The Spectrum Study

Share :
Published: 8 Feb 2011
Views: 7359
Rating:
Save
Prof Jan Vermorken – Antwerp University Hospital, Edegem, Belgium
Prof Jan Vermorken speaks about the Spectrum study, a phase III trial for patients with recurrent metastatic squamous cell carcinoma of the head and neck. Patients received either cisplatin and 5FU or cisplatin, 5FU and the monoclonal antibody panitumumab. Although this study did not produce a significant increase in overall survival, there were significant increases in progression free survival, response rates and disease control. Prof Vermorken discusses how he hopes panitumumab will eventually be used and explains what research he is looking to do in the future.

35th ESMO Congress, 8–12 October 2010, Milan

Interview with Professor Jan Vermorken (Antwerp University Hospital, Edegem, Belgium)

The Spectrum Study

Thank you for giving us a couple of minutes on ecancer medical tonight. You’re a very busy guy, you’re the new editor of Annals of Oncology, congratulations, but you’re also giving some really important talks here at ESMO and particularly the head and neck one stands out. Would you like to tell us, for people who are not at the ESMO meeting in Milan, what it’s all about?

During this symposium we are going to report for the first time the data of the Spectrum Study.

And what was that?

Spectrum is a large phase III trial that has been performed in patients with recurrent metastatic squamous cell carcinoma of the head and neck.

All sites?

Well the four main sites, so it’s oral cavity, hypopharynx, oral pharynx and larynx and these are all recurrent disease. It’s first line setting, so it means the patients can have had chemotherapy in the primary disease setting for curative intent – chemoradiation, or they could have had induction chemotherapy followed by radiotherapy.
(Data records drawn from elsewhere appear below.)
lemma depth_nearest_le_1:
  assumes x: "x \<in> S" and not_lucky: "\<not> lucky_vertex E A x"
  shows "depth (nearest x) \<le> 1"
proof (rule ccontr)
  let ?a = "nearest x"
  assume "\<not> ?thesis"
  then have "2 \<le> depth ?a" by simp
  then obtain k where k: "depth ?a = Suc (Suc k)" by (metis add_2_eq_Suc le_Suc_ex)
  obtain v where v: "geodesic v (Suc (Suc k))" "v (Suc (Suc k)) = ?a"
    using geodesic_to[OF nearest_in_A[OF x]] unfolding k .
  have in_A: "v k \<in> A" "v (Suc k) \<in> A" and depths: "depth (v k) = k" "depth (v (Suc k)) = Suc k"
    and edges: "E (v k) (v (Suc k))" "E (v (Suc k)) ?a"
    using v unfolding geodesic_def by auto
  have "\<not> E x (v k)" "\<not> E x (v (Suc k))"
    using depth_nearest_le[OF in_A(1), of x] depth_nearest_le[OF in_A(2), of x] k depths by auto
  moreover have "\<not> E ?a (v k)"
    using not_adj_if_depth_gap[OF in_A(1) nearest_in_A[OF x]] depths k by simp
  moreover have "x \<notin> A" using x A_subset by blast
  ultimately have "induced_P4 E x ?a (v (Suc k)) (v k)"
    unfolding induced_P4_def
    using adj_nearest[OF x] adj_sym[OF edges(1)] adj_sym[OF edges(2)] nearest_in_A[OF x] in_A
      depths k
    by auto
  then show False
    using not_lucky lucky_vertexI[OF nearest_in_A[OF x] in_A(2,1)] by blast
qed

lemma root_adj_nearest:
  assumes "x \<in> S" "\<not> lucky_vertex E A x" "\<not> E x u"
  shows "E u (nearest x)"
proof -
  have "depth (nearest x) \<noteq> 0"
    using depth_eq_0_iff[OF nearest_in_A] adj_nearest assms by metis
  then have "depth (nearest x) = 1"
    using depth_nearest_le_1 assms by fastforce
  then obtain v where "geodesic v 1" "v 1 = nearest x"
    using geodesic_to[OF nearest_in_A[OF assms(1)]] by metis
  then show ?thesis unfolding geodesic_def by auto
qed

text \<open>At the first index where adjacency to \<open>a\<close> fails, \<open>x - a - v\<^sub>i - v\<^sub>i\<^sub>+\<^sub>1\<close> would be
  an induced \<open>P\<^sub>4\<close>.\<close>
lemma adj_propagates:
  assumes not_lucky: "\<not> lucky_vertex E A x" and x: "x \<notin> A"
    and a: "a \<in> A" "E x a" "E a (v 0)"
    and path: "\<And>i. i < k \<Longrightarrow> E (v i) (v (Suc i))" "\<And>i. i \<le> k \<Longrightarrow> v i \<in> A"
    and avoids: "\<And>i. i \<le> k \<Longrightarrow> \<not> E x (v i)"
  shows "E a (v k)"
proof -
  have "i \<le> k \<Longrightarrow> E a (v i)" for i
  proof (induction i)
    case (Suc i)
    show ?case
    proof (rule ccontr)
      assume "\<not> E a (v (Suc i))"
      then have "induced_P4 E x a (v i) (v (Suc i))"
        unfolding induced_P4_def
        using Suc path[of i] path(2)[of "Suc i"] avoids[of i] avoids[of "Suc i"] a x adj_irrefl
        by (auto dest: adj_sym)
      then show False
        using not_lucky lucky_vertexI a path(2) Suc by (metis Suc_leD)
    qed
  qed (use a in simp)
  then show ?thesis by simp
qed

lemma not_adj_geodesic_to_nearest:
  assumes x: "x \<in> S" and y: "y \<in> S" and not_lucky: "\<not> lucky_pair E A x y"
    and xy: "\<not> E x y" and x_c: "\<not> E x (nearest y)"
    and v: "geodesic v (depth (nearest y))" "v (depth (nearest y)) = nearest y"
    and i: "i \<le> depth (nearest y)"
  shows "\<not> E x (v i)"
proof
  let ?k = "depth (nearest y)" and ?c = "nearest y"
  assume "E x (v i)"
  let ?J = "{i. i \<le> ?k \<and> E x (v i)}"
  have fin: "finite ?J" by (rule finite_subset[of _ "{..?k}"]) auto
  define j where "j = Max ?J"
  have "j \<in> ?J"
    unfolding j_def using fin \<open>E x (v i)\<close> i by (intro Max_in) auto
  then have j: "j \<le> ?k" "E x (v j)" by simp_all
  have j_max: "\<And>i. i \<le> ?k \<Longrightarrow> E x (v i) \<Longrightarrow> i \<le> j"
    using Max_ge[OF fin] unfolding j_def by blast
  have in_A: "\<And>i. i \<le> ?k \<Longrightarrow> v i \<in> A" and depths: "\<And>i. i \<le> ?k \<Longrightarrow> depth (v i) = i"
    and edges: "\<And>i. i < ?k \<Longrightarrow> E (v i) (v (Suc i))"
    using v(1) unfolding geodesic_def by auto
  have "x \<notin> A" "y \<notin> A" using x y A_subset by auto
  have "j \<noteq> ?k" using j x_c v(2) by auto
  then consider "Suc j = ?k" | "Suc (Suc j) \<le> ?k" using j by linarith
  then show False
  proof cases
    case 1
    have c: "v (Suc j) = ?c" using 1 v(2) by simp
    have "\<not> E y (v j)"
      using depth_nearest_le[OF in_A, of j y] depths[of j] j 1 by auto
    moreover have "E (v j) ?c" using edges[of j] 1 c by simp
    moreover have "v j \<noteq> ?c" using depths[of j] 1 by auto
    ultimately have "induced_P4 E x (v j) ?c y"
      unfolding induced_P4_def
      using j adj_nearest[OF y] x_c xy in_A[OF j(1)] nearest_in_A[OF y] \<open>x \<notin> A\<close> \<open>y \<notin> A\<close>
      by (auto dest: adj_sym)
    then show False
      using not_lucky nearest_in_A[OF y] in_A[OF j(1)] unfolding lucky_pair_def by blast
  next
    case 2
    let ?p = "v (Suc j)" and ?q = "v (Suc (Suc j))"
    have A3: "v j \<in> A" "?p \<in> A" "?q \<in> A" using in_A 2 by auto
    have D3: "depth (v j) = j" "depth ?p = Suc j" "depth ?q = Suc (Suc j)" using depths 2 by auto
    have "\<not> E x ?p" "\<not> E x ?q"
      using j_max[of "Suc j"] j_max[of "Suc (Suc j)"] 2 by auto
    moreover have "\<not> E (v j) ?q"
      using not_adj_if_depth_gap[OF A3(1,3)] D3 by simp
    moreover have "E (v j) ?p" "E ?p ?q" using edges 2 by auto
    moreover have "v j \<noteq> ?p" "v j \<noteq> ?q" "?p \<noteq> ?q" using D3 by auto
    ultimately have "induced_P4 E x (v j) ?p ?q"
      unfolding induced_P4_def using j(2) A3 \<open>x \<notin> A\<close> by auto
    then show False
      using not_lucky lucky_vertexI[OF A3] unfolding lucky_pair_def by blast
  qed
qed
lemma equalizes_sum_less:
  assumes fin: "finite S" and ne: "S \<noteq> {}" and mono: "\<And>k. k \<in> S \<Longrightarrow> mono_on {0..} (f k)"
    and eq: "equalizes S f m c"
    and nonneg: "\<And>k. k \<in> S \<Longrightarrow> 0 \<le> x k" and below: "\<And>k. k \<in> S \<Longrightarrow> f k (x k) < c"
  shows "sum x S < m"
proof -
  obtain y where y: "\<forall>k\<in>S. 0 \<le> y k" "sum y S = m" "\<forall>k\<in>S. f k (y k) = c"
    using eq unfolding equalizes_def by blast
  have "x k < y k" if k: "k \<in> S" for k
  proof (rule ccontr)
    assume "\<not> x k < y k"
    then have "f k (y k) \<le> f k (x k)"
      using mono[OF k] y(1) nonneg[OF k] k by (auto simp: mono_on_def)
    then show False using y(3) below[OF k] k by auto
  qed
  then have "sum x S < sum y S" using fin ne by (intro sum_strict_mono) auto
  then show ?thesis using y(2) by simp
qed

lemma equalizes_unique:
  assumes fin: "finite S" and ne: "S \<noteq> {}" and mono: "\<And>k. k \<in> S \<Longrightarrow> mono_on {0..} (f k)"
    and "equalizes S f m c" and "equalizes S f m c'"
  shows "c = c'"
proof -
  have False if a: "equalizes S f m a" and b: "equalizes S f m b" and "a < b" for a b
  proof -
    obtain x where x: "\<forall>k\<in>S. 0 \<le> x k" "sum x S = m" "\<forall>k\<in>S. f k (x k) = a"
      using a unfolding equalizes_def by blast
    have "sum x S < m" using equalizes_sum_less[OF fin ne mono b, of x] x \<open>a < b\<close> by auto
    then show False using x(2) by simp
  qed
  then show ?thesis using assms(4,5) by (metis linorder_neqE)
qed

lemma eqz_eq_SomeI:
  assumes "finite S" and "S \<noteq> {}" and "\<And>k. k \<in> S \<Longrightarrow> mono_on {0..} (f k)"
    and eq: "equalizes S f m c"
  shows "eqz S f m = Some c"
proof -
  have "equalizes S f m (SOME c. equalizes S f m c)" using eq by (rule someI)
  then have "(SOME c. equalizes S f m c) = c" using equalizes_unique[OF assms(1-3) _ eq] by blast
  then show ?thesis using eq unfolding eqz_def by auto
qed

lemma eqz_eq_SomeD: "eqz S f m = Some c \<Longrightarrow> equalizes S f m c"
  unfolding eqz_def by (auto split: if_splits intro: someI_ex)

definition reduce_profile ::
    "nat set \<Rightarrow> nat set \<Rightarrow> (nat set \<Rightarrow> nat \<Rightarrow> real) \<Rightarrow> nat set \<Rightarrow> nat \<Rightarrow> real" where
  "reduce_profile N P s R' j = (\<Sum>R\<in>{R\<in>nonempty_subsets N. R - P = R'}. s R j)"

locale nash_equilibrium =
  fixes N :: "nat set" and f :: "nat \<Rightarrow> real \<Rightarrow> real" and mu :: "nat set \<Rightarrow> real"
    and s :: "nat set \<Rightarrow> nat \<Rightarrow> real"
  assumes finite_resources: "finite N"
    and nash: "is_nash N f mu s"
begin

lemma finite_populations: "finite (nonempty_subsets N)"
  using finite_nonempty_subsets[OF finite_resources] .

lemma consumption_nonneg: "R \<in> nonempty_subsets N \<Longrightarrow> k \<in> N \<Longrightarrow> 0 \<le> s R k"
  using nash unfolding is_nash_def is_profile_def by blast

lemma consumption_outside: "R \<in> nonempty_subsets N \<Longrightarrow> k \<in> N \<Longrightarrow> k \<notin> R \<Longrightarrow> s R k = 0"
  using nash unfolding is_nash_def is_profile_def by blast

lemma consumption_sum: "R \<in> nonempty_subsets N \<Longrightarrow> sum (s R) N = mu R"
  using nash unfolding is_nash_def is_profile_def by blast

lemma nash_cost_le:
  "R \<in> nonempty_subsets N \<Longrightarrow> k \<in> N \<Longrightarrow> j \<in> R \<Longrightarrow> 0 < s R k \<Longrightarrow> cost N f s k \<le> cost N f s j"
  using nash unfolding is_nash_def by blast

lemma load_nonneg: "k \<in> N \<Longrightarrow> 0 \<le> load N s k"
  unfolding load_def by (auto intro: sum_nonneg consumption_nonneg)

lemma sum_load: "sum (load N s) T = (\<Sum>R\<in>nonempty_subsets N. sum (s R) T)"
  unfolding load_def by (rule sum.swap)

lemma mass_le_sum_load:
  assumes T: "T \<subseteq> N" and F: "F \<subseteq> nonempty_subsets N"
    and zero: "\<And>R k. R \<in> F \<Longrightarrow> k \<in> N - T \<Longrightarrow> s R k = 0"
  shows "sum mu F \<le> sum (load N s) T"
proof -
  have "sum mu F = (\<Sum>R\<in>F. sum (s R) T)"
  proof (rule sum.cong[OF refl])
    fix R assume R: "R \<in> F"
    have "sum (s R) N = sum (s R) T"
      using finite_resources T zero[OF R] by (intro sum.mono_neutral_right) auto
    then show "mu R = sum (s R) T" using consumption_sum R F by auto
  qed
  also have "\<dots> \<le> (\<Sum>R\<in>nonempty_subsets N. sum (s R) T)"
    using finite_populations F T by (intro sum_mono2) (auto intro!: sum_nonneg consumption_nonneg)
  finally show ?thesis by (simp add: sum_load)
qed

lemma sum_load_le_mass:
  assumes T: "T \<subseteq> N" and F: "F \<subseteq> nonempty_subsets N"
    and zero: "\<And>R k. R \<in> nonempty_subsets N - F \<Longrightarrow> k \<in> T \<Longrightarrow> s R k = 0"
  shows "sum (load N s) T \<le> sum mu F"
proof -
  have "sum (load N s) T = (\<Sum>R\<in>F. sum (s R) T)"
    unfolding sum_load using finite_populations F zero by (intro sum.mono_neutral_right) auto
  also have "\<dots> \<le> sum mu F"
  proof (rule sum_mono)
    fix R assume "R \<in> F"
    then have R: "R \<in> nonempty_subsets N" using F by auto
    have "sum (s R) T \<le> sum (s R) N"
      using finite_resources T by (intro sum_mono2) (auto intro: consumption_nonneg[OF R])
    then show "sum (s R) T \<le> mu R" using consumption_sum[OF R] by simp
  qed
  finally show ?thesis .
qed

lemma mass_inside_le_sum_load:
  assumes S: "S \<subseteq> N"
  shows "sum mu (nonempty_subsets S) \<le> sum (load N s) S"
proof (rule mass_le_sum_load[OF S nonempty_subsets_mono[OF S]])
  fix R k assume "R \<in> nonempty_subsets S" and "k \<in> N - S"
  then show "s R k = 0" using S by (intro consumption_outside) (auto simp: nonempty_subsets_def)
qed

context
  fixes P :: "nat set"
  assumes unused: "\<And>R j. R \<in> nonempty_subsets N \<Longrightarrow> \<not> R \<subseteq> P \<Longrightarrow> j \<in> P \<Longrightarrow> s R j = 0"
begin

lemma load_reduce_profile:
  assumes j: "j \<in> N - P"
  shows "load (N - P) (reduce_profile N P s) j = load N s j"
proof -
  let ?leaving = "{R \<in> nonempty_subsets N. R - P \<noteq> {}}"
  have "load (N - P) (reduce_profile N P s) j
      = (\<Sum>R'\<in>nonempty_subsets (N - P). \<Sum>R\<in>{R \<in> ?leaving. R - P = R'}. s R j)"
    unfolding load_def reduce_profile_def
    by (rule sum.cong[OF refl], rule sum.cong) (auto simp: nonempty_subsets_def)
  also have "\<dots> = (\<Sum>R\<in>?leaving. s R j)"
    using finite_populations finite_resources
    by (intro sum.group) (auto simp: nonempty_subsets_def finite_nonempty_subsets)
  also have "\<dots> = load N s j"
    unfolding load_def using finite_populations j
    by (intro sum.mono_neutral_left) (auto intro: consumption_outside)
  finally show ?thesis .
qed

lemma cost_reduce_profile: "j \<in> N - P \<Longrightarrow> cost (N - P) f (reduce_profile N P s) j = cost N f s j"
  unfolding cost_def by (simp add: load_reduce_profile)

lemma is_profile_reduce_profile:
  "is_profile (N - P) (remove_mu N mu P) (reduce_profile N P s)"
  unfolding is_profile_def
proof (intro ballI conjI)
  fix R' assume R': "R' \<in> nonempty_subsets (N - P)"
  let ?merged = "{R \<in> nonempty_subsets N. R - P = R'}"
  show "0 \<le> reduce_profile N P s R' j" if "j \<in> N - P" for j
    using that by (auto simp: reduce_profile_def intro!: sum_nonneg consumption_nonneg)
  show "reduce_profile N P s R' j = 0" if "j \<in> N - P - R'" for j
    using that by (auto simp: reduce_profile_def intro!: sum.neutral consumption_outside)
  have "sum (reduce_profile N P s R') (N - P) = (\<Sum>R\<in>?merged. sum (s R) (N - P))"
    unfolding reduce_profile_def by (rule sum.swap)
  also have "\<dots> = sum mu ?merged"
  proof (rule sum.cong[OF refl])
    fix R assume R: "R \<in> ?merged"
    then have RN: "R \<in> nonempty_subsets N" and leaves: "\<not> R \<subseteq> P"
      using R' by (auto simp: nonempty_subsets_def)
    have "sum (s R) N = sum (s R) (N - P)"
      using finite_resources by (intro sum.mono_neutral_right) (auto intro: unused[OF RN leaves])
    then show "sum (s R) (N - P) = mu R" using consumption_sum[OF RN] by simp
  qed
  finally show "sum (reduce_profile N P s R') (N - P) = remove_mu N mu P R'"
    unfolding remove_mu_def .
qed

lemma is_nash_reduce_profile: "is_nash (N - P) f (remove_mu N mu P) (reduce_profile N P s)"
  unfolding is_nash_def
proof (intro conjI is_profile_reduce_profile ballI impI)
  fix R' k j
  assume R': "R' \<in> nonempty_subsets (N - P)" and k: "k \<in> N - P" and j: "j \<in> R'"
    and pos: "0 < reduce_profile N P s R' k"
  have "\<exists>R\<in>{R \<in> nonempty_subsets N. R - P = R'}. 0 < s R k"
    using pos unfolding reduce_profile_def by (meson not_less sum_nonpos)
  then obtain R where R: "R \<in> nonempty_subsets N" "R - P = R'" and "0 < s R k" by blast
  then have "cost N f s k \<le> cost N f s j" using nash_cost_le k j by auto
  moreover have "j \<in> N - P" using R' j by (auto simp: nonempty_subsets_def)
  ultimately show "cost (N - P) f (reduce_profile N P s) k \<le> cost (N - P) f (reduce_profile N P s) j"
    using k by (simp add: cost_reduce_profile)
qed

end

end

locale monotone_nash_equilibrium = nash_equilibrium +
  assumes mono_cost: "\<And>j. j \<in> N \<Longrightarrow> mono_on {0..} (f j)"
    and resources_nonempty: "N \<noteq> {}"
begin

definition h_s :: real where "h_s = Max (cost N f s ` N)"

abbreviation P_s :: "nat set" where "P_s \<equiv> argmax_cost N f s"

lemma cost_le_h_s: "j \<in> N \<Longrightarrow> cost N f s j \<le> h_s"
  unfolding h_s_def using finite_resources by auto

lemma h_s_attained: "h_s \<in> cost N f s ` N"
  unfolding h_s_def using finite_resources resources_nonempty by (intro Max_in) auto

lemma P_s_eq: "P_s = {j \<in> N. cost N f s j = h_s}"
  using h_s_attained cost_le_h_s unfolding argmax_cost_def by (auto intro: antisym)
(* Let $(q_n)$ be the Fibonacci Quilt sequence. For all integers $k\ge0$ and $\ell\ge1+5k$ (and $\ell\ge6$ when $k\ge1$), \[ q_\ell+q_{\ell-5}+q_{\ell-10}+\cdots+q_{\ell-5k}<q_{\ell+1}. \]
   Context: Given an increasing sequence of positive integers $(q_i)_{i\ge1}$, an FQ-legal decomposition of an integer $m\ge0$ is an expression $m=q_{\ell_1}+q_{\ell_2}+\cdots+q_{\ell_t}$ ($t\ge0$, the empty sum representing $0$) with distinct indices $\ell_1>\ell_2>\cdots>\ell_t$ such that $|\ell_i-\ell_j|\notin\{1,3,4\}$ for all $i,j$, and $\{1,3\}\not\subset\{\ell_1,\dots,\ell_t\}$. The Fibonacci Quilt sequence is the increasing sequence of positive integers $(q_i)_{i\ge1}$ in which each $q_i$ is the smallest positive integer having no FQ-legal decomposition using only $q_1,\dots,q_{i-1}$. Its first terms are $1,2,3,4,5,7,9,12,16,21,28,37,49,\dots$. *)

theory Defs
  imports Main
begin

definition fq_legal :: "nat set \<Rightarrow> bool" where
  "fq_legal S \<longleftrightarrow> finite S \<and> 0 \<notin> S \<and>
     (\<forall>i\<in>S. \<forall>j\<in>S. \<bar>int i - int j\<bar> \<notin> {1, 3, 4}) \<and> \<not> ({1, 3} \<subseteq> S)"

fun fq_list :: "nat \<Rightarrow> nat list" where
  "fq_list 0 = []"
| "fq_list (Suc n) = fq_list n @
     [LEAST m. m > 0 \<and> \<not> (\<exists>S. S \<subseteq> {1..n} \<and> fq_legal S \<and>
                          (\<Sum>j\<in>S. fq_list n ! (j - 1)) = m)]"

text \<open>The Fibonacci Quilt sequence, indexed from 1 (fq 0 is a meaningless junk value).\<close>
definition fq :: "nat \<Rightarrow> nat" where
  "fq i = last (fq_list i)"

end

theory Submission
  imports Defs
begin

text \<open>Let \<open>q\<^sub>n = n\<close> for \<open>n \<le> 4\<close> and \<open>q\<^sub>n = q\<^sub>n\<^sub>-\<^sub>2 + q\<^sub>n\<^sub>-\<^sub>3\<close> afterwards.
  A legal index set with largest element \<open>m\<close> sums to less than \<open>q\<^sub>m\<^sub>+\<^sub>3\<close>; from this,
  strong induction shows that \<open>q\<^sub>n\<^sub>+\<^sub>1\<close> is not a legal sum of \<open>q\<^sub>1, \<dots>, q\<^sub>n\<close>, while the
  greedy algorithm writes every smaller number as one. So \<open>q\<close> is the Fibonacci Quilt sequence.
  It satisfies \<open>q\<^sub>n\<^sub>+\<^sub>1 = q\<^sub>n + q\<^sub>n\<^sub>-\<^sub>4\<close> for \<open>n \<ge> 6\<close>, so by induction on \<open>k\<close> the sum
  \<open>q\<^sub>l + (q\<^sub>l\<^sub>-\<^sub>5 + \<dots> + q\<^sub>l\<^sub>-\<^sub>5\<^sub>k)\<close> is below \<open>q\<^sub>l + q\<^sub>l\<^sub>-\<^sub>4 = q\<^sub>l\<^sub>+\<^sub>1\<close>.\<close>

fun quilt :: "nat \<Rightarrow> nat" where
  "quilt n = (if n \<le> 4 then n else quilt (n - 2) + quilt (n - 3))"

declare quilt.simps [simp del]

lemma quilt_small: "n \<le> 4 \<Longrightarrow> quilt n = n"
  by (simp add: quilt.simps)

lemma quilt_rec: "5 \<le> n \<Longrightarrow> quilt n = quilt (n - 2) + quilt (n - 3)"
  by (simp add: quilt.simps)

lemma quilt_5: "quilt 5 = 5" and quilt_6: "quilt 6 = 7"
  by (simp_all add: quilt.simps)

lemma quilt_Suc_gt: "quilt n < quilt (Suc n)"
proof (induction n rule: less_induct)
  case (less n)
  show ?case
  proof (cases "n \<le> 4")
    case True
    then show ?thesis by (cases "n = 4") (simp_all add: quilt_small quilt_5)
  next
    case False
    have "quilt (n - 3) < quilt (n - 2)" "quilt (n - 2) < quilt (n - 1)"
      using less[of "n - 3"] less[of "n - 2"] False by (simp_all add: Suc_diff_Suc numeral_eq_Suc)
    then show ?thesis using quilt_rec[of n] quilt_rec[of "Suc n"] False by simp
  qed
qed

lemma strict_mono_quilt: "strict_mono quilt"
  by (simp add: quilt_Suc_gt strict_mono_Suc_iff)

lemma quilt_less_iff [simp]: "quilt m < quilt n \<longleftrightarrow> m < n"
  using strict_mono_quilt by (simp add: strict_mono_less)

lemma quilt_le_iff [simp]: "quilt m \<le> quilt n \<longleftrightarrow> m \<le> n"
  using strict_mono_quilt by (simp add: strict_mono_less_eq)

lemma quilt_eq_iff [simp]: "quilt m = quilt n \<longleftrightarrow> m = n"
  using strict_mono_quilt by (simp add: strict_mono_eq)

lemma quilt_pos: "0 < n \<Longrightarrow> 0 < quilt n"
  using quilt_less_iff[of 0 n] by (simp add: quilt_small)

lemma quilt_Suc_eq: "6 \<le> n \<Longrightarrow> quilt (n + 1) = quilt n + quilt (n - 4)"
  using quilt_rec[of "n + 1"] quilt_rec[of n] quilt_rec[of "n - 1"]
  by (simp add: numeral_eq_Suc)

lemma quilt_add3_eq: "4 \<le> n \<Longrightarrow> quilt (n + 3) = quilt n + quilt (n - 1) + quilt (n - 2)"
  using quilt_rec[of "n + 3"] quilt_rec[of "n + 1"] by (simp add: numeral_eq_Suc)

lemma quilt_add3_ge: "quilt (n + 1) + quilt n \<le> quilt (n + 3)"
proof (cases "2 \<le> n")
  case True
  then show ?thesis using quilt_rec[of "n + 3"] by (simp add: numeral_eq_Suc)
next
  case False
  then show ?thesis by (cases n) (auto simp: quilt_small)
qed

lemma quilt_Suc_less: "4 \<le> n \<Longrightarrow> quilt (n + 1) < quilt n + quilt (n - 2)"
proof (cases "6 \<le> n")
  case True
  then show ?thesis using quilt_Suc_eq[of n] quilt_less_iff[of "n - 4" "n - 2"] by simp
next
  case False
  moreover assume "4 \<le> n"
  ultimately have "n = 4 \<or> n = 5" by auto
  then show ?thesis by (auto simp: quilt_small quilt_5 quilt_6)
qed

lemma subset_atLeastAtMost_pred:
  assumes "S \<subseteq> {a..n}" "n \<notin> S"
  shows "S \<subseteq> {a..n - 1::nat}"
proof
  fix x assume "x \<in> S"
  then have "a \<le> x" "x < n" using assms by (auto simp: order.order_iff_strict)
  then show "x \<in> {a..n - 1}" by simp
qed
And so these patients were randomised to receive the standard Wayne State University protocol that is Cisplatin 100 per m2 followed by four days of 5-Fluorouracil with a dose of 1000 per m2 per day and that is the control arm. In the experimental arm this was combined with Panitumumab which is a fully human monoclonal antibody against epidermal growth factor receptor.

Which receptor does it hit?

The HER1. And that drug was given at a dose of 9mg/kg every three weeks and the plan was to give these treatments for a maximum of six cycles and then the patients could have the possibility in the experimental arm to continue with monotherapy Panitumumab.

The antibody only?

Yes, the antibody only for as long as they benefitted from it or whether they had an acceptable toxicity. This was, of course, only in the patients that were responding or had stable disease at that time.

Now the assumption was, the protocol was organised such that we needed about 650 patients and 470 death events in order to come up with an expectation of a difference of about three months in median survival from 8.7 to 11.7 months. Now to make a long story short we didn’t reach that. We found a difference of 2.1 months so there is a difference.

So that’s something.

That’s something but it is supported that there is an effect by a significant difference in progression free survival and a significant difference also in response rate and disease control. So there is no doubt in my mind that this again is showing activity in this disease and this would confirm, to some extent, the Extreme study that has been published two years ago.

Yes, it is a pity for all of us that we didn’t have the primary endpoint reached but that doesn’t change the idea that it is an active compound.

And most of these antibodies do work better with chemotherapy, that’s what we’ve seen from other experiments.

Yes, also pre-clinical work suggests that it’s really synergistic with chemotherapy.

What’s your gut feeling about the role of maintenance Panitumumab? Any grip on that?

There has never been a protocol where the concurrent use of oral Cituximab or Panitumumab with chemotherapy was compared with the same plus maintenance, so we cannot give an answer to that. So we really don’t know it.

You have a feeling for that?

Well if governments would be really interested this would be something that you should do in a country because it will perhaps reduce costs if you knew that the efficacy would be the same without maintenance. So it’s worth doing a study like that.

What’s the next study that you guys are doing in Belgium and in your international market?

Of course this was, for the first time in about thirty years, that we ever saw a benefit, anything in recurrent metastatic disease. So we hoped that this was the start of something beautiful so we now have several trials that show a beneficial effect of these monoclonals with chemotherapy. The next step is to combine other biological agents in combination with this. So, for instance, we have started to do a study with MERC where Cilengitide which is a compound that has antiangiogenesis aspects, to combine this with what we found in the Extreme study. The study has been closed for entry now so we wait until further results but that’s an interesting step again. And, as you know, Cilengitide seems to have some interest also for the treatment of brain tumours, so we wait, it’s one of the possibilities.

Jan, thank you very much indeed. We really appreciate meeting up with you again.